A generator (not to be confused with a generator expression above) is a function that calculates one value at a time. Instead of using `return()` to return the complete result, we use `yield()` to return a single value:


In [83]:
def get_4mers(dna):
    result = [] 
    for i in range(len(dna) - 3): 
        result.append(dna[i:i+4]) 
    return result

get_4mers('acgatcgatgc')

['acga', 'cgat', 'gatc', 'atcg', 'tcga', 'cgat', 'gatg', 'atgc']

In [86]:
def generate_4mers(dna): 
    for i in range(len(dna) - 3): 
        yield dna[i:i+4] 
        
generate_4mers('acgatcgatgc')

<generator object generate_4mers at 0x7f40e02ae280>

In [101]:
x = generate_4mers('acgatcgatgc')

In [103]:
x.next()

'cgat'

Generators are useful for all sorts of things. They are often more readable, they are very memory efficient as they only calculate one value at a time, and they are **iterators**. So we can do this:

In [105]:
for fourmer in generate_4mers('acgatcgatgc'):
    print(fourmer)

acga
cgat
gatc
atcg
tcga
cgat
gatg
atgc


and

In [107]:
list(generate_4mers('acgatcgatgc'))

['acga', 'cgat', 'gatc', 'atcg', 'tcga', 'cgat', 'gatg', 'atgc']

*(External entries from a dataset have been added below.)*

lemma not_approaches_at_rate_gt_one:
  assumes f: "piecewise_translation f" and "1 < \<alpha>"
  shows "\<not> approaches_at_rate f \<alpha>"
proof -
  define \<beta> where "\<beta> = (1 + \<alpha>) / 2"
  have \<beta>: "1 < \<beta>" "\<beta> < \<alpha>"
    using assms(2) by (auto simp: \<beta>_def)
  define G where "G n = {\<omega>\<in>space unit_square_measure.
    dnint ((f ^^ n) (fst \<omega>) - (f ^^ n) (snd \<omega>)) < real n powr (- \<beta>)}" for n
  have [measurable]: "(f ^^ n) \<in> borel_measurable borel" for n
    using piecewise_translation_funpow[OF f] by (simp add: piecewise_translation_def)
  have G_sets: "G n \<in> sets unit_square_measure" for n
    unfolding G_def by measurable
  have "summable (\<lambda>n. 6 * real n powr (- \<beta>))"
    using \<beta> by (intro summable_mult) (simp add: summable_real_powr_iff)
  moreover have "norm (measure unit_square_measure (G n)) \<le> 6 * real n powr (- \<beta>)" for n
  proof -
    have "measure unit_square_measure (G n) \<le> 6 * real n powr (- \<beta>)"
      unfolding G_def measure_def
      using emeasure_close_orbits_le[OF f, of n "real n powr (- \<beta>)"] by (intro enn2real_leI) simp_all
    then show ?thesis
      by simp
  qed
  ultimately have "summable (\<lambda>n. measure unit_square_measure (G n))"
    by (rule summable_comparison_test')
  then show ?thesis
  proof (rule unit_square.not_AE_liminf_eq_0[OF G_sets])
    fix \<omega> assume \<omega>: "\<omega> \<in> space unit_square_measure"
      and far: "eventually (\<lambda>n. \<omega> \<notin> G n) sequentially"
    show "eventually (\<lambda>n. 1 \<le> real n powr \<alpha> * dnint ((f ^^ n) (fst \<omega>) - (f ^^ n) (snd \<omega>)))
        sequentially"
      using far eventually_ge_at_top[of "1::nat"]
    proof eventually_elim
      case (elim n)
      then have "real n powr (- \<beta>) \<le> dnint ((f ^^ n) (fst \<omega>) - (f ^^ n) (snd \<omega>))"
        using \<omega> by (simp add: G_def not_less)
      then show ?case
        using elim \<beta> by (intro one_le_powr_mult[of _ \<beta>]) auto
    qed
  qed
qed

lemma not_approaches_at_rate_gt_tau_entropy:
  assumes f: "piecewise_translation f" and "tau_entropy f < ereal \<alpha>"
  shows "\<not> approaches_at_rate f \<alpha>"
proof -
  obtain \<gamma> where \<gamma>: "tau_entropy f < ereal \<gamma>" "\<gamma> < \<alpha>"
    using ereal_dense2[OF assms(2)] by auto
  have "ereal 0 < ereal \<gamma>"
    using tau_entropy_nonneg[of f] \<gamma>(1) by (metis zero_ereal_def le_less_trans)
  then have "0 \<le> \<gamma>"
    by simp
  define \<beta> where "\<beta> = (\<gamma> + \<alpha>) / 2"
  have \<beta>: "\<gamma> < \<beta>" "\<beta> < \<alpha>"
    using \<gamma> by (auto simp: \<beta>_def)
  define D where "D k = Delta'_n f (2 ^ (k + 1))" for k
  define \<epsilon> where "\<epsilon> k = (2 powr (- \<beta>)) ^ k" for k :: nat
  define G where "G k = {\<omega>\<in>space unit_square_measure. \<exists>d\<in>D k. dnint (fst \<omega> - snd \<omega> + d) < \<epsilon> k}"
    for k
  have D: "finite (D k)" for k
    unfolding D_def using f by (rule finite_Delta'_n)
  have G_sets: "G k \<in> sets unit_square_measure" for k
    unfolding G_def using D[of k] by measurable
  obtain N0 where N0: "\<And>N. N0 \<le> N \<Longrightarrow> real (card (Delta'_n f N)) \<le> real N powr \<gamma>"
    using eventually_card_Delta'_n_le_powr[OF \<gamma>(1)] unfolding eventually_sequentially by blast
  have "summable (\<lambda>k. 6 * 2 powr \<gamma> * (2 powr (\<gamma> - \<beta>)) ^ k)"
    using \<beta> by (intro summable_mult summable_geometric) (simp add: powr_less_one)
  moreover have "norm (measure unit_square_measure (G k)) \<le> 6 * 2 powr \<gamma> * (2 powr (\<gamma> - \<beta>)) ^ k"
    if "N0 \<le> k" for k
  proof -
    have "N0 \<le> 2 ^ (k + 1)"
      using that less_exp[of "k + 1"] by linarith
    then have "real (card (D k)) \<le> real (2 ^ (k + 1)) powr \<gamma>"
      unfolding D_def by (rule N0)
    also have "\<dots> = (2 powr \<gamma>) ^ (k + 1)"
      using power_powr[of 2 "k + 1" \<gamma>] by simp
    finally have "real (card (D k)) * (6 * \<epsilon> k) \<le> (2 powr \<gamma>) ^ (k + 1) * (6 * \<epsilon> k)"
      by (intro mult_right_mono) (simp_all add: \<epsilon>_def)
    also have "\<dots> = 6 * 2 powr \<gamma> * (2 powr \<gamma> * 2 powr (- \<beta>)) ^ k"
      by (simp add: \<epsilon>_def power_mult_distrib)
    also have "2 powr \<gamma> * 2 powr (- \<beta>) = 2 powr (\<gamma> - \<beta>)"
      by (simp add: powr_add[symmetric])
    finally have bound: "real (card (D k)) * (6 * \<epsilon> k) \<le> 6 * 2 powr \<gamma> * (2 powr (\<gamma> - \<beta>)) ^ k" .
    have "emeasure unit_square_measure (G k) \<le> ennreal (real (card (D k)) * (6 * \<epsilon> k))"
      unfolding G_def by (rule emeasure_near_shifted_diagonals_le[OF D])
    then have "measure unit_square_measure (G k) \<le> real (card (D k)) * (6 * \<epsilon> k)"
      unfolding measure_def by (intro enn2real_leI) (simp_all add: \<epsilon>_def)
    with bound have "measure unit_square_measure (G k) \<le> 6 * 2 powr \<gamma> * (2 powr (\<gamma> - \<beta>)) ^ k"
      by linarith
    then show ?thesis
      by simp
  qed
  ultimately have "summable (\<lambda>k. measure unit_square_measure (G k))"
    by (rule summable_comparison_test')
  text \<open>For 2^k \<le> n < 2^(k+1) every difference of the n-th iterates is, mod 1, one of the
    shifts x - y + d with d \<in> D k, so the single exceptional set G k covers the whole dyadic block.\<close>
  then show ?thesis
  proof (rule unit_square.not_AE_liminf_eq_0[OF G_sets])
    fix \<omega> assume \<omega>: "\<omega> \<in> space unit_square_measure"
    assume "eventually (\<lambda>k. \<omega> \<notin> G k) sequentially"
    then show "eventually (\<lambda>n. 1 \<le> real n powr \<alpha> * dnint ((f ^^ n) (fst \<omega>) - (f ^^ n) (snd \<omega>)))
        sequentially"
    proof (rule eventually_mono[OF eventually_dyadic_block])
      fix n :: nat assume "\<exists>k. 2 ^ k \<le> n \<and> n < 2 ^ (k + 1) \<and> \<omega> \<notin> G k"
      then obtain k where k: "2 ^ k \<le> n" "n < 2 ^ (k + 1)" "\<omega> \<notin> G k"
        by blast
      have "1 \<le> n"
        using k(1) order.trans[OF one_le_power k(1)] by simp
      then obtain d where "d \<in> D k"
        and d: "dnint ((f ^^ n) (fst \<omega>) - (f ^^ n) (snd \<omega>)) = dnint (fst \<omega> - snd \<omega> + d)"
        using dnint_funpow_diff_eq[of "fst \<omega>" "snd \<omega>" n "2 ^ (k + 1)" f] \<omega> k unfolding D_def
        by (auto simp: mem_Times_iff)
      then have "\<epsilon> k \<le> dnint ((f ^^ n) (fst \<omega>) - (f ^^ n) (snd \<omega>))"
        using \<omega> k(3) by (auto simp: G_def not_less)
      moreover have "real n powr (- \<beta>) \<le> real (2 ^ k) powr (- \<beta>)"
        using k(1) \<beta> \<open>0 \<le> \<gamma>\<close> by (intro powr_mono2') auto
      moreover have "real (2 ^ k) powr (- \<beta>) = \<epsilon> k"
        using power_powr[of 2 k "- \<beta>"] by (simp add: \<epsilon>_def)
      ultimately show "1 \<le> real n powr \<alpha> * dnint ((f ^^ n) (fst \<omega>) - (f ^^ n) (snd \<omega>))"
        using \<open>1 \<le> n\<close> \<beta> by (intro one_le_powr_mult[of _ \<beta>]) auto
    qed
  qed
qed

and we can use them to implement clever iteration behaviour in our classes:

In [111]:
class DNARecord(object): 
    position = 0
    
    def __init__(self, sequence, gene_name, species_name):
        self.sequence = sequence
        self.gene_name = gene_name
        self.species_name = species_name
    
    def bases(self):
        return iter(self.sequence)
    
    def kmers(self, k):
        for i in range(len(self.sequence) - k +1): 
            yield self.sequence[i:i+k] 
            
    def codons(self):
        return self.kmers(3)

In [113]:
d1 = DNARecord('ATCGTCGACTGACTACG', 'COX1', 'Homo sapiens')
for base in d1.bases():
    print(base)
    
for kmer in d1.kmers(5):
    print(kmer)
    
for codon in d1.codons():
    print(codon)

A
T
C
G
T
C
G
A
C
T
G
A
C
T
A
C
G
ATCGT
TCGTC
CGTCG
GTCGA
TCGAC
CGACT
GACTG
ACTGA
CTGAC
TGACT
GACTA
ACTAC
CTACG
ATC
TCG
CGT
GTC
TCG
CGA
GAC
ACT
CTG
TGA
GAC
ACT
CTA
TAC
ACG


##Exercises

###BLAST processor

As a warm up, take your solutions to the BLAST processing exercise from the Functional Programming session and rewrite them to just use list comprehensions.

###Primer search

Write a function that will create a list of all possible PCR primers of a given length. 

Hint: start with the kmer-generating function from the session on recursion. 
Further hint: *all possible PCR primers of a given length* simply means all possible DNA sequnces of a given length. In the real world we would do some filtering on the results to find sequences with similarity to the target, melting points, etc. 

For length l there are 

$$4^l$$

possible primers so eventually you will run out of memory when trying to list them all. Rewrite your function as a generator to get around this problem. 

Finally, write a generator which will generate all possible pairs of primers. For length l there will be 

$$(4^l)^2$$

possible pairs, so if you try to do this with a normal function you will run out of memory even faster!